Bug 171128

Summary: Regression(r204605): support for "cp874" charset alias was inadvertently dropped which may cause issues on certain Thai sites
Product: WebKit Reporter: Chris Dumez <cdumez>
Component: DOMAssignee: Chris Dumez <cdumez>
Status: RESOLVED FIXED    
Severity: Normal CC: ap, cdumez, commit-queue, darin, webkit-bug-importer
Priority: P2 Keywords: InRadar
Version: WebKit Nightly Build   
Hardware: Unspecified   
OS: Unspecified   
Bug Depends on:    
Bug Blocks: 160931    
Attachments:
Description Flags
Patch
none
Patch none

Description Chris Dumez 2017-04-21 12:13:20 PDT
text on http://www1.odn.ne.jp/pasto_cbe26550/ looks garbled after r204605, when the system's default language is Japanese. This is because we inadvertently dropped support for "cp932" character encoding alias.
Comment 1 Chris Dumez 2017-04-21 12:13:36 PDT
<rdar://problem/31526844>
Comment 2 Chris Dumez 2017-04-21 12:18:24 PDT
Created attachment 307771 [details]
Patch
Comment 3 Alexey Proskuryakov 2017-04-21 13:06:51 PDT
Comment on attachment 307771 [details]
Patch

View in context: https://bugs.webkit.org/attachment.cgi?id=307771&action=review

> Source/WebCore/platform/text/TextCodecICU.cpp:96
> +DECLARE_ALIASES(windows_949, "euc-kr", "cseuckr", "csksc56011987", "iso-ir-149", "korean", "ks_c_5601-1987", "ks_c_5601-1989", "ksc5601", "ksc_5601", "ms949", "x-KSC5601", "x-windows-949", "x-uhc", "cp949");

This won't work - cp949 is a different encoding in ICU than CFString thinks it is.

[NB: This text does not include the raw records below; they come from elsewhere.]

(* Let $q=2^h$ with $h\equiv 1\pmod 2$ and let $$U=\left\{\left(x,\,y,\,x^q+y^{q^2},\,x^{q^2}+y^q+y^{q^2}\right): x,y\in\mathbb F_{q^4}\right\}\subseteq\mathbb F_{q^4}^4.$$ Then $U$ is $(2,3)_q$-evasive, i.e. $\dim_{\mathbb F_q}(U\cap H)\le 3$ for every $2$-dimensional $\mathbb F_{q^4}$-subspace $H$ of $\mathbb F_{q^4}^4$.
   Context: $U$ is an $\mathbb F_q$-subspace of $\mathbb F_{q^4}^4$ of $\mathbb F_q$-dimension $8$. *)

theory Defs
  imports "HOL-Analysis.Finite_Cartesian_Product"
begin

definition vec4 :: "'a \<Rightarrow> 'a \<Rightarrow> 'a \<Rightarrow> 'a \<Rightarrow> 'a ^ 4" where
  "vec4 a b c d = (\<chi> i. if i = 0 then a else if i = 1 then b else if i = 2 then c else d)"

definition lin_indep_over :: "'a::field set \<Rightarrow> nat \<Rightarrow> (nat \<Rightarrow> 'a ^ 'n) \<Rightarrow> bool" where
  "lin_indep_over K n v \<longleftrightarrow>
     (\<forall>c. (\<forall>i<n. c i \<in> K) \<longrightarrow> (\<Sum>i<n. c i *s v i) = 0 \<longrightarrow> (\<forall>i<n. c i = 0))"

definition subspace_over :: "'a::field set \<Rightarrow> ('a ^ 'n) set \<Rightarrow> bool" where
  "subspace_over K S \<longleftrightarrow> 0 \<in> S \<and> (\<forall>x\<in>S. \<forall>y\<in>S. x + y \<in> S) \<and> (\<forall>c\<in>K. \<forall>x\<in>S. c *s x \<in> S)"

definition dim_over :: "'a::field set \<Rightarrow> ('a ^ 'n) set \<Rightarrow> nat" where
  "dim_over K S = (GREATEST n. \<exists>v. (\<forall>i<n. v i \<in> S) \<and> lin_indep_over K n v)"

text \<open>The subfield F_q of a field of order q^4: the fixed points of x \<mapsto> x^q.\<close>
definition subfield_Fq :: "nat \<Rightarrow> 'a::field set" where
  "subfield_Fq q = {x. x ^ q = x}"

end

theory Submission
  imports Defs "HOL-Analysis.Cartesian_Space" "HOL-Number_Theory.Residues"
begin

text \<open>
  Suppose U \<inter> H contained four F_q-independent vectors with first two coordinates
  (x_j, y_j). Points of U depend F_q-linearly on these coordinates, so the pairs
  (x_j, y_j) are F_q-independent as well.

  If H projects isomorphically onto the first two coordinates, it is the graph of
  (x, y) \<mapsto> (a x + b y, c x + d y), and every pair satisfies two q-linearised equations.
  Together with their Frobenius conjugates, these equations express x_j, y_j, x_j^(q^2), y_j^(q^2)
  linearly in u_j = (x_j^q, y_j^q, x_j^(q^3), y_j^(q^3)). Hence the linear relations among
  the u_j are closed under Frobenius, and a Moore-type argument makes the u_j linearly
  independent. The four remaining equations are linear relations among the u_j, so all their
  coefficients vanish. This forces c = b, d = a + b, b^q = b + 1 and b^4 + b + 1 = 0, which is
  impossible for odd h.

  Otherwise H is spanned by some p and some v \<noteq> 0 whose first two coordinates vanish.
  Writing the points as l_j p + m_j v and eliminating m_j shows that the four F_q-independent
  l_j are roots of a q-polynomial of q-degree 2. Its coefficients must therefore vanish, which
  yields some s with s^q = s and s^2 + s + 1 = 0. So F_4 \<subseteq> F_q, which is again impossible for odd h.
\<close>

lemma vec4_nth [simp]:
  "vec4 a b c d $ 0 = a" "vec4 a b c d $ 1 = b" "vec4 a b c d $ 2 = c" "vec4 a b c d $ 3 = d"
  by (simp_all add: vec4_def)

lemma UNIV_4_from_0: "(UNIV :: 4 set) = {0, 1, 2, 3}"
proof -
  have four: "(4 :: 4) = 0" by simp
  show ?thesis using UNIV_4 unfolding four by auto
qed

lemma sum_UNIV_4: "(\<Sum>i\<in>(UNIV :: 4 set). f i) = f 0 + f 1 + f 2 + f 3"
  unfolding UNIV_4_from_0 by (simp add: ac_simps)

lemma vec_eq_4_iff: "(v :: 'a ^ 4) = w \<longleftrightarrow> v$0 = w$0 \<and> v$1 = w$1 \<and> v$2 = w$2 \<and> v$3 = w$3"
proof -
  have "(\<forall>i::4. v $ i = w $ i) \<longleftrightarrow> (\<forall>i\<in>{0, 1, 2, 3}. v $ i = w $ i)"
    unfolding UNIV_4_from_0[symmetric] by simp
  then show ?thesis by (simp add: vec_eq_iff)
qed

lemma all_4_from_0: "(\<forall>i::4. P i) \<longleftrightarrow> P 0 \<and> P 1 \<and> P 2 \<and> P 3"
  by (metis UNIV_4_from_0 UNIV_I empty_iff insert_iff)

lemma matrix_vector_mult_4_nth:
  "((M :: 'a::semiring_1 ^ 4 ^ 4) *v v) $ i = M$i$0 * v$0 + M$i$1 * v$1 + M$i$2 * v$2 + M$i$3 * v$3"
  by (simp add: matrix_vector_mult_def sum_UNIV_4)

section \<open>Linear independence over a subfield\<close>

lemma lin_indep_overD:
  assumes "lin_indep_over K n v" "\<forall>i<n. c i \<in> K" "(\<Sum>i<n. c i *s v i) = 0" "i < n"
  shows "c i = 0"
  using assms unfolding lin_indep_over_def by blast

lemma lin_indep_over_nonzero:
  fixes v :: "nat \<Rightarrow> 'a::field ^ 'n"
  assumes indep: "lin_indep_over K n v" and "0 \<in> K" "1 \<in> K" "i < n"
  shows "v i \<noteq> 0"
proof
  assume "v i = 0"
  have "(\<Sum>j<n. (if j = i then 1 else 0) *s v j) = (\<Sum>j<n. if j = i then v j else 0)"
    by (rule sum.cong) simp_all
  also have "\<dots> = 0" using \<open>v i = 0\<close> by simp
  finally have "(if i = i then 1 else 0) = (0::'a)"
    using assms by (intro lin_indep_overD[OF indep]) simp_all
  then show False by simp
qed

lemma lin_indep_over_prefix:
  assumes indep: "lin_indep_over K n v" and "0 \<in> K" and "m \<le> n"
  shows "lin_indep_over K m v"
  unfolding lin_indep_over_def
proof (intro allI impI)
  fix c i assume c: "\<forall>i<m. c i \<in> K" and rel: "(\<Sum>i<m. c i *s v i) = 0" and "i < m"
  define c' where "c' = (\<lambda>i. if i < m then c i else 0)"
  have "(\<Sum>i<n. c' i *s v i) = (\<Sum>i<m. c i *s v i)"
    using \<open>m \<le> n\<close> by (intro sum.mono_neutral_cong_right) (auto simp: c'_def)
  then have "c' i = 0"
    using \<open>0 \<in> K\<close> \<open>m \<le> n\<close> \<open>i < m\<close> c rel
    by (intro lin_indep_overD[OF indep, of c']) (auto simp: c'_def)
  then show "c i = 0" using \<open>i < m\<close> by (simp add: c'_def)
qed

lemma inj_on_lin_comb:
  assumes "lin_indep_over UNIV n w"
  shows "inj_on (\<lambda>c. \<Sum>i<n. c i *s w i) (PiE {..<n} (\<lambda>_. UNIV))"
proof (rule inj_onI)
  fix c c' assume c: "c \<in> PiE {..<n} (\<lambda>_. UNIV)" and c': "c' \<in> PiE {..<n} (\<lambda>_. UNIV)"
    and eq: "(\<Sum>i<n. c i *s w i) = (\<Sum>i<n. c' i *s w i)"
  have diff: "(\<Sum>i<n. (c i - c' i) *s w i) = 0"
    using eq by (simp add: vector_sub_rdistrib sum_subtractf)
  have "c i - c' i = 0" if "i < n" for i
    by (rule lin_indep_overD[OF assms _ diff that]) simp
  then show "c = c'"
    using c c' by (intro extensionalityI[of _ "{..<n}"]) (auto simp: PiE_def)
qed

lemma card_lin_combs:
  fixes w :: "nat \<Rightarrow> 'a::{field,finite} ^ 'n"
  assumes "lin_indep_over UNIV n w"
  shows "card ((\<lambda>c. \<Sum>i<n. c i *s w i) ` PiE {..<n} (\<lambda>_. UNIV)) = CARD('a) ^ n"
  using card_image[OF inj_on_lin_comb[OF assms]] by (simp add: card_PiE)

lemma lin_indep_over_UNIV_le_CARD:
  fixes w :: "nat \<Rightarrow> 'a::{field,finite} ^ 'n"
  assumes "lin_indep_over UNIV n w"
  shows "n \<le> CARD('n)"
proof -
  have "CARD('a) ^ n \<le> CARD('a ^ 'n)"
    unfolding card_lin_combs[OF assms, symmetric] by (rule card_mono) auto
  moreover have "card {0::'a, 1} \<le> CARD('a)" by (rule card_mono) auto
  ultimately show ?thesis by (simp add: power_le_imp_le_exp)
qed

lemma lin_indep_over_UNIV_CARD_spans:
  fixes w :: "nat \<Rightarrow> 'a::{field,finite} ^ 'n"
  assumes "lin_indep_over UNIV CARD('n) w"
  shows "\<exists>c. e = (\<Sum>i<CARD('n). c i *s w i)"
proof -
  let ?combs = "(\<lambda>c. \<Sum>i<CARD('n). c i *s w i) ` PiE {..<CARD('n)} (\<lambda>_. UNIV)"
  have "?combs = UNIV"
    by (rule card_subset_eq) (simp_all add: card_lin_combs[OF assms])
  then show ?thesis by blast
qed

lemma lin_indep_over_UNIV_CARD_orthogonal:
  fixes w :: "nat \<Rightarrow> 'a::{field,finite} ^ 'n"
  assumes indep: "lin_indep_over UNIV CARD('n) w"
    and orth: "\<forall>j<CARD('n). (\<Sum>i\<in>UNIV. r $ i * w j $ i) = 0"
  shows "r = 0"
proof -
  have "r $ k = 0" for k
  proof -
    obtain c where c: "axis k 1 = (\<Sum>j<CARD('n). c j *s w j)"
      using lin_indep_over_UNIV_CARD_spans[OF indep] by blast
    have "r $ k = (\<Sum>i\<in>UNIV. r $ i * axis k 1 $ i)"
      by (simp add: axis_def if_distrib cong: if_cong)
    also have "\<dots> = (\<Sum>j<CARD('n). c j * (\<Sum>i\<in>UNIV. r $ i * w j $ i))"
      by (simp add: c sum_component sum_distrib_left mult_ac sum.swap[of _ UNIV])
    also have "\<dots> = 0" using orth by simp
    finally show ?thesis .
  qed
  then show ?thesis by (simp add: vec_eq_iff)
qed

lemma dim_over_le:
  assumes "\<And>n v. \<forall>i<n. v i \<in> S \<Longrightarrow> lin_indep_over K n v \<Longrightarrow> n \<le> m"
  shows "dim_over K S \<le> m"
proof -
  let ?P = "\<lambda>n. \<exists>v. (\<forall>i<n. v i \<in> S) \<and> lin_indep_over K n v"
  have "?P 0" by (simp add: lin_indep_over_def)
  then have "?P (Greatest ?P)" using assms by (intro GreatestI_nat[of ?P 0 m]) auto
  then show ?thesis unfolding dim_over_def using assms by blast
qed

lemma lin_comb_if_extension_dependent:
  fixes v :: "nat \<Rightarrow> 'a::field ^ 'n"
  assumes indep: "lin_indep_over UNIV m v" and dep: "\<not> lin_indep_over UNIV (Suc m) (v(m := u))"
  shows "\<exists>c. u = (\<Sum>i<m. c i *s v i)"
proof -
  obtain c k where rel: "(\<Sum>i<Suc m. c i *s (v(m := u)) i) = 0" and "k < Suc m" "c k \<noteq> 0"
    using dep unfolding lin_indep_over_def by blast
  have "(\<Sum>i<m. c i *s (v(m := u)) i) = (\<Sum>i<m. c i *s v i)"
    by (rule sum.cong) auto
  then have rel': "(\<Sum>i<m. c i *s v i) + c m *s u = 0"
    using rel by (simp only: sum.lessThan_Suc fun_upd_same)
  have "c m \<noteq> 0"
  proof
    assume "c m = 0"
    then have "c i = 0" if "i < m" for i
      using rel' by (intro lin_indep_overD[OF indep _ _ that]) simp_all
    then show False using \<open>k < Suc m\<close> \<open>c k \<noteq> 0\<close> \<open>c m = 0\<close> less_Suc_eq by blast
  qed
  have "u = inverse (c m) *s (c m *s u)"
    using \<open>c m \<noteq> 0\<close> by (simp add: vector_smult_assoc)
  also have "c m *s u = (\<Sum>i<m. (- c i) *s v i)"
    using rel' by (simp add: eq_neg_iff_add_eq_0 add.commute sum_negf)
  finally have "u = (\<Sum>i<m. (inverse (c m) * - c i) *s v i)"
    by (simp add: vec.scale_sum_right vector_smult_assoc)
  then show ?thesis by (rule exI[where x = "\<lambda>i. inverse (c m) * - c i"])
qed
(* Let $A$ be a noetherian ring and let $E$ be a finitely generated $A$-module. For each prime ideal $\mathfrak{p} \subset A$, let a submodule $J(\mathfrak{p}) \subset E_{\mathfrak{p}}$ be given. There exists a submodule $F\subset E$ such that $F_{\mathfrak{p}} = J(\mathfrak{p})$ for all primes $\mathfrak{p}\subset A$ if and only if both of the following conditions hold: (Consistency) For all primes $\mathfrak{p} \subset \mathfrak{q} \subset A$, we have $J(\mathfrak{p}) = J(\mathfrak{q})_{\mathfrak{p} A_{\mathfrak{q}}} = A_{\mathfrak{p}}\otimes_{A_{\mathfrak{q}}} J(\mathfrak{q})$ as submodules of $E_{\mathfrak{p}}$. (Finiteness) The set $\mathfrak{A}$ of all primes $\mathfrak{p}\subset A$ for which $\mathfrak{p} A_{\mathfrak{p}}$ is an associated prime of the $A_{\mathfrak{p}}$-module $E_{\mathfrak{p}}/J(\mathfrak{p})$ is finite. Moreover, when such $F$ exists it is unique, and $\mathrm{Ass}_A(E/F) = \mathfrak{A}$.
   Context: For primes $\mathfrak{p}\subset\mathfrak{q}$, $E_{\mathfrak{p}}$ is identified with the localization of the $A_{\mathfrak{q}}$-module $E_{\mathfrak{q}}$ at $\mathfrak{p}A_{\mathfrak{q}}$, and $J(\mathfrak{q})_{\mathfrak{p}A_{\mathfrak{q}}}$ denotes the localization of $J(\mathfrak{q})$, viewed as a submodule of $E_{\mathfrak{p}}$. $\mathrm{Ass}_A(M)$ denotes the set of associated primes of an $A$-module $M$. *)

theory Defs
  imports "HOL-Algebra.Algebra"
begin
lemmas F_arr_subst [simp] =
  farr_arr_subst_in_Arr[OF category A length_\<sigma> \<sigma>_less_length F]
  Dom_farr_arr_subst[OF category A length_\<sigma> \<sigma>_less_length F]
  Cod_farr_arr_subst[OF category A length_\<sigma> \<sigma>_less_length F]
lemmas G_arr_subst [simp] =
  farr_arr_subst_in_Arr[OF category A length_\<tau> \<tau>_less_length G]
  Dom_farr_arr_subst[OF category A length_\<tau> \<tau>_less_length G]
  Cod_farr_arr_subst[OF category A length_\<tau> \<tau>_less_length G]
lemmas F_arr_subst_Comp = farr_arr_subst_Comp[OF category A length_\<sigma> \<sigma>_less_length F]
lemmas G_arr_subst_Comp = farr_arr_subst_Comp[OF category A length_\<tau> \<tau>_less_length G]

lemma component_update [simp]:
  assumes "c \<in> Obj C"
  shows "\<phi> (A[i := c]) \<in> Arr C"
    and "Dom C (\<phi> (A[i := c])) = fobj F (obj_subst A c c i \<sigma> \<alpha>)"
    and "Cod C (\<phi> (A[i := c])) = fobj G (obj_subst A c c i \<tau> \<beta>)"
proof -
  have "length (A[i := c]) = n" "set (A[i := c]) \<subseteq> Obj C"
    using length_A A assms set_update_subset_insert by fastforce+
  then show "\<phi> (A[i := c]) \<in> Arr C" "Dom C (\<phi> (A[i := c])) = fobj F (obj_subst A c c i \<sigma> \<alpha>)"
    "Cod C (\<phi> (A[i := c])) = fobj G (obj_subst A c c i \<tau> \<beta>)"
    using transformation map_nth_list_update_eq_obj_subst[OF length_\<sigma> \<sigma>_less_length]
      map_nth_list_update_eq_obj_subst[OF length_\<tau> \<tau>_less_length]
    by (simp_all add: transformation_def)
qed

lemma dinat_side_Comp:
  assumes x: "x \<in> Arr C" "Cod C x = c" and y: "y \<in> Arr C" "Dom C y = c"
    and h: "h \<in> Arr C" "Cod C h = Dom C x" and g: "g \<in> Arr C" "Cod C y = Dom C g"
  shows "Comp C (farr G (arr_subst C A h g i \<tau> \<beta>))
           (Comp C (side i A x y c) (farr F (arr_subst C A g h i \<sigma> \<alpha>)))
         = side i A (Comp C x h) (Comp C g y) c"
proof -
  let ?G0 = "farr G (arr_subst C A h g i \<tau> \<beta>)" and ?G1 = "farr G (arr_subst C A x y i \<tau> \<beta>)"
  let ?F0 = "farr F (arr_subst C A g h i \<sigma> \<alpha>)" and ?F1 = "farr F (arr_subst C A y x i \<sigma> \<alpha>)"
  let ?P = "\<phi> (A[i := c])"
  have "c \<in> Obj C"
    using x by auto
  then have "Comp C ?G0 (Comp C (Comp C ?G1 (Comp C ?P ?F1)) ?F0)
      = Comp C (Comp C ?G0 ?G1) (Comp C ?P (Comp C ?F1 ?F0))"
    using x y h g by (simp add: Comp_assoc)
  also have "\<dots> = side i A (Comp C x h) (Comp C g y) c"
    using x y h g \<open>c \<in> Obj C\<close> by (simp add: dinat_side_def F_arr_subst_Comp G_arr_subst_Comp)
  finally show ?thesis
    by (simp add: dinat_side_def)
qed

lemma dinat_side_slide:
  assumes dinatural: "dinatural C F \<alpha> \<sigma> G \<beta> \<tau> n \<phi> i"
    and h: "h \<in> Arr C" "Cod C h = c" and p: "p \<in> Arr C" "Dom C p = c"
  shows "side i A h p c = side i A (Comp C p h) (Id C (Cod C p)) (Cod C p)"
proof -
  let ?Y = "Cod C p"
  have c: "c \<in> Obj C"
    using h by auto
  have "Comp C (Id C c) h = h"
    using Comp_Id_left[OF category h(1)] h by simp
  then have "side i A h p c = Comp C (farr G (arr_subst C A h (Id C ?Y) i \<tau> \<beta>))
      (Comp C (side i A (Id C c) p c) (farr F (arr_subst C A (Id C ?Y) h i \<sigma> \<alpha>)))"
    using dinat_side_Comp[of "Id C c" c p h "Id C ?Y"] h p c by simp
  also have "side i A (Id C c) p c = side i A p (Id C ?Y) ?Y"
    using dinatural p length_A A by (auto simp: dinatural_iff_dinat_side)
  also have "Comp C (farr G (arr_subst C A h (Id C ?Y) i \<tau> \<beta>))
      (Comp C (side i A p (Id C ?Y) ?Y) (farr F (arr_subst C A (Id C ?Y) h i \<sigma> \<alpha>)))
      = side i A (Comp C p h) (Id C ?Y) ?Y"
    using dinat_side_Comp[of p ?Y "Id C ?Y" h "Id C ?Y"] h p by (simp add: Comp_Id_Id)
  finally show ?thesis .
qed

end

end

lemma drop_sum_list_concat:
  "drop (sum_list (map length (take u cs))) (concat cs) = concat (drop u cs)"
  by (induction cs arbitrary: u) (auto simp: take_Cons' drop_Cons')

lemma plug_concat:
  assumes "ws = map length cs"
  shows "plug ws g (concat cs) = map (\<lambda>u. g u (cs ! u)) [0..<length cs]"
proof -
  have "take (length (cs ! u)) (drop (sum_list (take u (map length cs))) (concat cs)) = cs ! u"
    if "u < length cs" for u
    using that by (simp add: take_map drop_sum_list_concat Cons_nth_drop_Suc[symmetric])
  then show ?thesis
    using assms by (auto simp: plug_def)
qed

lemma nth_arr_subst:
  "j < length \<alpha> \<Longrightarrow> arr_subst C A X Y i \<sigma> \<alpha> ! j
     = (if \<sigma> ! j = i then (if \<alpha> ! j then Y else X) else Id C (A ! (\<sigma> ! j)))"
  by (simp add: arr_subst_def)

lemma arr_subst_append:
  "length \<sigma>1 = length \<alpha>1 \<Longrightarrow>
   arr_subst C A X Y i (\<sigma>1 @ \<sigma>2) (\<alpha>1 @ \<alpha>2) = arr_subst C A X Y i \<sigma>1 \<alpha>1 @ arr_subst C A X Y i \<sigma>2 \<alpha>2"
  by (auto simp: arr_subst_def nth_append intro!: nth_equalityI)

lemma arr_subst_concat:
  "\<forall>u \<in> set us. length (s u) = length (v u) \<Longrightarrow>
   arr_subst C A X Y i (concat (map s us)) (concat (map v us))
   = concat (map (\<lambda>u. arr_subst C A X Y i (s u) (v u)) us)"
  by (induction us) (auto simp: arr_subst_append, simp add: arr_subst_def)

lemma arr_subst_map_Not: "arr_subst C A X Y i \<sigma> (map Not \<alpha>) = arr_subst C A Y X i \<sigma> \<alpha>"
  by (simp add: arr_subst_def)

lemma arr_subst_map_add:
  "\<lbrakk>length \<sigma> = length \<alpha>; \<forall>j \<in> set \<sigma>. j < n; i + n \<le> length X\<rbrakk> \<Longrightarrow>
   arr_subst C X P Q (i + k) (map ((+) i) \<sigma>) \<alpha> = arr_subst C (take n (drop i X)) P Q k \<sigma> \<alpha>"
  by (auto simp: arr_subst_def intro!: nth_equalityI)

lemma arr_subst_singleton: "j \<noteq> i \<Longrightarrow> arr_subst C A X Y i [j] [v] = [Id C (A ! j)]"
  by (simp add: arr_subst_def)

lemma arr_subst_list_update: "arr_subst C (A[i := c]) X Y i \<sigma> \<alpha> = arr_subst C A X Y i \<sigma> \<alpha>"
  by (auto simp: arr_subst_def nth_list_update intro!: nth_equalityI)

lemma nth_splice_vshift:
  assumes "b \<noteq> i" "b < m" "i < m" "length X = m - 1 + n"
  shows "(take i X @ [Z] @ drop (i + n) X) ! b = X ! vshift n i b"
  using assms by (cases "b < i") (auto simp: nth_append vshift_def add.commute)

lemma hc_cod_eq_hc_dom: "hc_cod \<alpha> \<beta> \<delta> \<theta> i F G K = hc_dom \<beta> \<alpha> \<delta> \<theta> i G F K"
  by (simp add: hc_cod_def hc_dom_def hc_cod_widths_def hc_dom_widths_def)

lemma hc_cod_var_eq_hc_dom_var: "hc_cod_var \<alpha> \<beta> \<delta> \<theta> i = hc_dom_var \<beta> \<alpha> \<delta> \<theta> i"
  by (simp add: hc_cod_var_def hc_dom_var_def)

lemma hc_cod_type_eq_hc_dom_type: "hc_cod_type \<sigma> \<tau> n \<delta> \<theta> i = hc_dom_type \<tau> \<sigma> n \<delta> \<theta> i"
  by (simp add: hc_cod_type_def hc_dom_type_def)

lemma farr_hc_dom_arr_subst:
  assumes X: "length X = m - 1 + n" and "i < m" "k < n"
    and \<sigma>: "length \<sigma> = length \<alpha>" "\<forall>j \<in> set \<sigma>. j < n" and \<tau>: "length \<tau> = length \<beta>" "\<forall>j \<in> set \<tau>. j < n"
    and \<eta>: "length \<eta> = length \<gamma>" "\<forall>j \<in> set \<eta>. j < m"
  defines "A \<equiv> take n (drop i X)"
  shows "farr (hc_dom \<alpha> \<beta> \<gamma> \<eta> i F G H)
           (arr_subst C X P Q (i + k) (hc_dom_type \<sigma> \<tau> n \<gamma> \<eta> i) (hc_dom_var \<alpha> \<beta> \<gamma> \<eta> i))
         = farr H (arr_subst C (take i X @ [Z] @ drop (i + n) X)
             (farr G (arr_subst C A Q P k \<tau> \<beta>)) (farr F (arr_subst C A P Q k \<sigma> \<alpha>)) i \<eta> \<gamma>)"
proof -
  define chunk where "chunk u = (if \<eta> ! u = i
      then (if \<gamma> ! u then arr_subst C A P Q k \<sigma> \<alpha> else arr_subst C A Q P k \<tau> \<beta>)
      else [Id C (X ! vshift n i (\<eta> ! u))])" for u
  have "i + n \<le> length X"
    using assms by simp
  then have subst: "arr_subst C X P Q (i + k) (hc_dom_type \<sigma> \<tau> n \<gamma> \<eta> i) (hc_dom_var \<alpha> \<beta> \<gamma> \<eta> i)
      = concat (map chunk [0..<length \<gamma>])"
    unfolding hc_dom_type_def hc_dom_var_def using assms
    by (subst arr_subst_concat)
      (auto simp: chunk_def A_def arr_subst_map_Not arr_subst_map_add arr_subst_singleton vshift_def
        intro!: arg_cong[where f = concat] map_cong)
  have widths: "hc_dom_widths \<alpha> \<beta> \<gamma> \<eta> i = map length (map chunk [0..<length \<gamma>])"
    using \<sigma> \<tau> by (auto simp: hc_dom_widths_def chunk_def)
  have splice: "X ! vshift n i (\<eta> ! u) = (take i X @ [Z] @ drop (i + n) X) ! (\<eta> ! u)"
    if "u < length \<gamma>" "\<eta> ! u \<noteq> i" for u
    using nth_splice_vshift[OF that(2) _ \<open>i < m\<close> X] \<eta> that(1) by (metis nth_mem)
  show ?thesis
    unfolding hc_dom_def mvfun.select_convs subst plug_concat[OF widths] using \<eta> splice
    by (auto simp: chunk_def nth_arr_subst intro!: arg_cong[where f = "farr H"] nth_equalityI)
qed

I don't see why we would add support for non-standard encoding aliases here. Why not just special case them in defaultTextEncodingNameForSystemLanguage()? That's the only place where they should be supported, not in Web content.
Comment 4 Chris Dumez 2017-04-24 15:11:34 PDT
Created attachment 308016 [details]
Patch
Comment 5 Alexey Proskuryakov 2017-04-24 16:50:39 PDT
Comment on attachment 308016 [details]
Patch

r=me assuming that this is the same encoding that we used to map cp874 to in the past.
Comment 6 Chris Dumez 2017-04-24 16:56:38 PDT
(In reply to Alexey Proskuryakov from comment #5)
> Comment on attachment 308016 [details]
> Patch
> 
> r=me assuming that this is the same encoding that we used to map cp874 to in
> the past.

I am no sure it is. If you look at http://demo.icu-project.org/icu-bin/convexp. It says that "cp874" alias was using ibm-874_P100-1995 internal encoder in ICU. However, it would now use windows-874-2000. I do not know how big an issue that is.
Comment 7 Chris Dumez 2017-04-24 17:00:41 PDT
(In reply to Chris Dumez from comment #6)
> (In reply to Alexey Proskuryakov from comment #5)
> > Comment on attachment 308016 [details]
> > Patch
> > 
> > r=me assuming that this is the same encoding that we used to map cp874 to in
> > the past.
> 
> I am no sure it is. If you look at
> http://demo.icu-project.org/icu-bin/convexp. It says that "cp874" alias was
> using ibm-874_P100-1995 internal encoder in ICU. However, it would now use
> windows-874-2000. I do not know how big an issue that is.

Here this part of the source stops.